(Saved data entries)
========
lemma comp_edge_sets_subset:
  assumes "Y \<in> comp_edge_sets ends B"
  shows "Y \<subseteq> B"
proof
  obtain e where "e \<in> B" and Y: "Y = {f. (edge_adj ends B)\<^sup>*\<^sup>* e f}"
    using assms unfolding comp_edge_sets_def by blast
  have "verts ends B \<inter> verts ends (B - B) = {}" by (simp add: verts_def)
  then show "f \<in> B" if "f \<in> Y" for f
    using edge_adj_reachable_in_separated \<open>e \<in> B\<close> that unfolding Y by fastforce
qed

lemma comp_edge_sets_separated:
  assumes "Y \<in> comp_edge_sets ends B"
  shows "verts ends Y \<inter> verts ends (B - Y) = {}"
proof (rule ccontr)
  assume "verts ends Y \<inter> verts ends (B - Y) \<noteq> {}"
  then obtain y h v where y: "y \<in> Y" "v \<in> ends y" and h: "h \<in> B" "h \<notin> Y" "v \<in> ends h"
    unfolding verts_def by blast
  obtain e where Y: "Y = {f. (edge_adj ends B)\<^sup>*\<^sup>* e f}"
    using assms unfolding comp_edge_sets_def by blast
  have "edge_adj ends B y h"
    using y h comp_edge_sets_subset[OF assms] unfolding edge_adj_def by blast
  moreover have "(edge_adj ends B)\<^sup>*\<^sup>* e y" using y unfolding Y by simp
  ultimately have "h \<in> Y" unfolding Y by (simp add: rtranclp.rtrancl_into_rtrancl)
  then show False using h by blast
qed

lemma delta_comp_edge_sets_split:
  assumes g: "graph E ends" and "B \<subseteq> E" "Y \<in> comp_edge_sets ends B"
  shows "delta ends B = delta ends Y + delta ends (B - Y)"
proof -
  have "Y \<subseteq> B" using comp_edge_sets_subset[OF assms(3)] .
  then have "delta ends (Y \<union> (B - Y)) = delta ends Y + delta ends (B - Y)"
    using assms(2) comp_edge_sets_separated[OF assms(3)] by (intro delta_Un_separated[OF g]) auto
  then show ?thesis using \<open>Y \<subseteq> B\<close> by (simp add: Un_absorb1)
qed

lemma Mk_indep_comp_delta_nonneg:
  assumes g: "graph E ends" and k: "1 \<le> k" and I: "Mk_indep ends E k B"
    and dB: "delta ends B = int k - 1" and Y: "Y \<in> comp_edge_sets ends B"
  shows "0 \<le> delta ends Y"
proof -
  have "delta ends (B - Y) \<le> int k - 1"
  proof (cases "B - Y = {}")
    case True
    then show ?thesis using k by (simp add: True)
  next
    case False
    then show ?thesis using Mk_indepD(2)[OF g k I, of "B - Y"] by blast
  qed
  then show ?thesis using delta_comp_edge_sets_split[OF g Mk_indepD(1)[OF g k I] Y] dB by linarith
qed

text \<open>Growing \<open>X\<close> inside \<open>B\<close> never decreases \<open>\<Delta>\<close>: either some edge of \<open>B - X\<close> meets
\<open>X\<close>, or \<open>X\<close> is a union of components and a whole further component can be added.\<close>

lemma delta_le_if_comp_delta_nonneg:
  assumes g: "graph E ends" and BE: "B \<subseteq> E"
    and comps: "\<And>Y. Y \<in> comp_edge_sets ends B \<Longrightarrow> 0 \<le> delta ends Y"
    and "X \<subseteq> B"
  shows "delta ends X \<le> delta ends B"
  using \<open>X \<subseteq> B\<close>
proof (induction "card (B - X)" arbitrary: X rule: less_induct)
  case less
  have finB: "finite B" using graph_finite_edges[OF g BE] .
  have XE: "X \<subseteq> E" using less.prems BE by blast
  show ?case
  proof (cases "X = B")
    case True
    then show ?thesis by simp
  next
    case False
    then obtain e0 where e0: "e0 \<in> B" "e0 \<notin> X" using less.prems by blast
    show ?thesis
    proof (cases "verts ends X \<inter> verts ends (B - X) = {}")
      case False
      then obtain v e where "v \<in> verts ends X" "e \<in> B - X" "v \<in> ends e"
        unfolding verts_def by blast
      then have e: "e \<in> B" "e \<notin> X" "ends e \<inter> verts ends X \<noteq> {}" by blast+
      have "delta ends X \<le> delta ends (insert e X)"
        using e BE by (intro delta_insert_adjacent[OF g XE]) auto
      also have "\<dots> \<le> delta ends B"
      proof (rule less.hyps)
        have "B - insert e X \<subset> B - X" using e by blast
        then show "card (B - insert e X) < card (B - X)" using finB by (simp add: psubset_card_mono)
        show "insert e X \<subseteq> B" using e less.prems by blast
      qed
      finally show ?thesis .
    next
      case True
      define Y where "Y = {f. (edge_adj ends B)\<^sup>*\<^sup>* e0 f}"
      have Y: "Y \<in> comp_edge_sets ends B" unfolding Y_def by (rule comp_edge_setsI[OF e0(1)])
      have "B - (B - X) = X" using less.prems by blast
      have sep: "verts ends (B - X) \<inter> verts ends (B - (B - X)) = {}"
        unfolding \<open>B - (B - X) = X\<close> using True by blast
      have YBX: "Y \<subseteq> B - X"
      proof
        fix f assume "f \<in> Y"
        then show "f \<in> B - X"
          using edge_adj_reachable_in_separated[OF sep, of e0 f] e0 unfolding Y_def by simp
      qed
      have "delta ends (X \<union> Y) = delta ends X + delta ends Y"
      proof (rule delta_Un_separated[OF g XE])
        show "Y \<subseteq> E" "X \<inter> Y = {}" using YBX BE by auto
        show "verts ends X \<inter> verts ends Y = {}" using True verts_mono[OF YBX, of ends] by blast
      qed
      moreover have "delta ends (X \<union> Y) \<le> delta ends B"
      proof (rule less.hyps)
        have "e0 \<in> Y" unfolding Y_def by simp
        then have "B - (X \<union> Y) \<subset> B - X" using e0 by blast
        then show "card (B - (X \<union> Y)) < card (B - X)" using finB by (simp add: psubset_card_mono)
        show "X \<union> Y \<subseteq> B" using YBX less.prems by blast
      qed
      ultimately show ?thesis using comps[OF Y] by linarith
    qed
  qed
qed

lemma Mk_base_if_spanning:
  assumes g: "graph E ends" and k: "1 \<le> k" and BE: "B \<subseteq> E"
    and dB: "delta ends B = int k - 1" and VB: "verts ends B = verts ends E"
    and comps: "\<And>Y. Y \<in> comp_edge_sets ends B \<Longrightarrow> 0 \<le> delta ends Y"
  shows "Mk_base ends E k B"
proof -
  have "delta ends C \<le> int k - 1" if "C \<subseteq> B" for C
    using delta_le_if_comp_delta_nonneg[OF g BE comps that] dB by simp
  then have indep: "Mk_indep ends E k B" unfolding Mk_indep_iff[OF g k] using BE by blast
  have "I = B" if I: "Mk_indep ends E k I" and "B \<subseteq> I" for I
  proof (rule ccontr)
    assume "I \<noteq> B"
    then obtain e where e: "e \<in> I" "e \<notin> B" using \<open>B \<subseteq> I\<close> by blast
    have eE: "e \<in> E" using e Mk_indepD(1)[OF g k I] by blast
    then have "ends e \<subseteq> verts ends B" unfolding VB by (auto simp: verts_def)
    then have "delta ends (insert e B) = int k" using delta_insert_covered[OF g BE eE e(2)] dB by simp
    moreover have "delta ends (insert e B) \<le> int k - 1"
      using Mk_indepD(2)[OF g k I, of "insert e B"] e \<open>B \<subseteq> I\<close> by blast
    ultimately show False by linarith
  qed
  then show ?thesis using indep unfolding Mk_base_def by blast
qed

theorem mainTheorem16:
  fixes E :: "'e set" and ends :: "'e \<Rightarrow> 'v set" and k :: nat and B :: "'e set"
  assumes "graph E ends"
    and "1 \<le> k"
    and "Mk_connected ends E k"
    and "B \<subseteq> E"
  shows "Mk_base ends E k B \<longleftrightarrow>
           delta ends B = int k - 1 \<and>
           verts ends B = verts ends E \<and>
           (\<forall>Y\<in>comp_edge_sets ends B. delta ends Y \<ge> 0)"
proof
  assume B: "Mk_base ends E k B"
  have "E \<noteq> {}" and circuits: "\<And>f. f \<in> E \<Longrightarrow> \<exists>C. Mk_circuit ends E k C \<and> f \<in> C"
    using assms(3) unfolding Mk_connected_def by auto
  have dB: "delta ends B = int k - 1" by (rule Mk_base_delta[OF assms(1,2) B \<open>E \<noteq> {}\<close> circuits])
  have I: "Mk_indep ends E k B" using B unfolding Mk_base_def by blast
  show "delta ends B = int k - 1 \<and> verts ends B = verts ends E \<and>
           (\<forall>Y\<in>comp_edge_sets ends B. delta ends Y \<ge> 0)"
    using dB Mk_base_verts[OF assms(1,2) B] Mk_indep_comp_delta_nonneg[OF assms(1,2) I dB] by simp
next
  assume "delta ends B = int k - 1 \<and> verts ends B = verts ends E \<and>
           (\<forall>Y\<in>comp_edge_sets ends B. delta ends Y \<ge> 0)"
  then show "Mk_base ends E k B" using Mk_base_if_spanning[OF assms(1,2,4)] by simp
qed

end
========
Word for word, retype the lines from the one containing "using assms(3) unfolding" through the final line of the data, including both ends and nothing more.

    using assms(3) unfolding Mk_connected_def by auto
  have dB: "delta ends B = int k - 1" by (rule Mk_base_delta[OF assms(1,2) B \<open>E \<noteq> {}\<close> circuits])
  have I: "Mk_indep ends E k B" using B unfolding Mk_base_def by blast
  show "delta ends B = int k - 1 \<and> verts ends B = verts ends E \<and>
           (\<forall>Y\<in>comp_edge_sets ends B. delta ends Y \<ge> 0)"
    using dB Mk_base_verts[OF assms(1,2) B] Mk_indep_comp_delta_nonneg[OF assms(1,2) I dB] by simp
next
  assume "delta ends B = int k - 1 \<and> verts ends B = verts ends E \<and>
           (\<forall>Y\<in>comp_edge_sets ends B. delta ends Y \<ge> 0)"
  then show "Mk_base ends E k B" using Mk_base_if_spanning[OF assms(1,2,4)] by simp
qed

end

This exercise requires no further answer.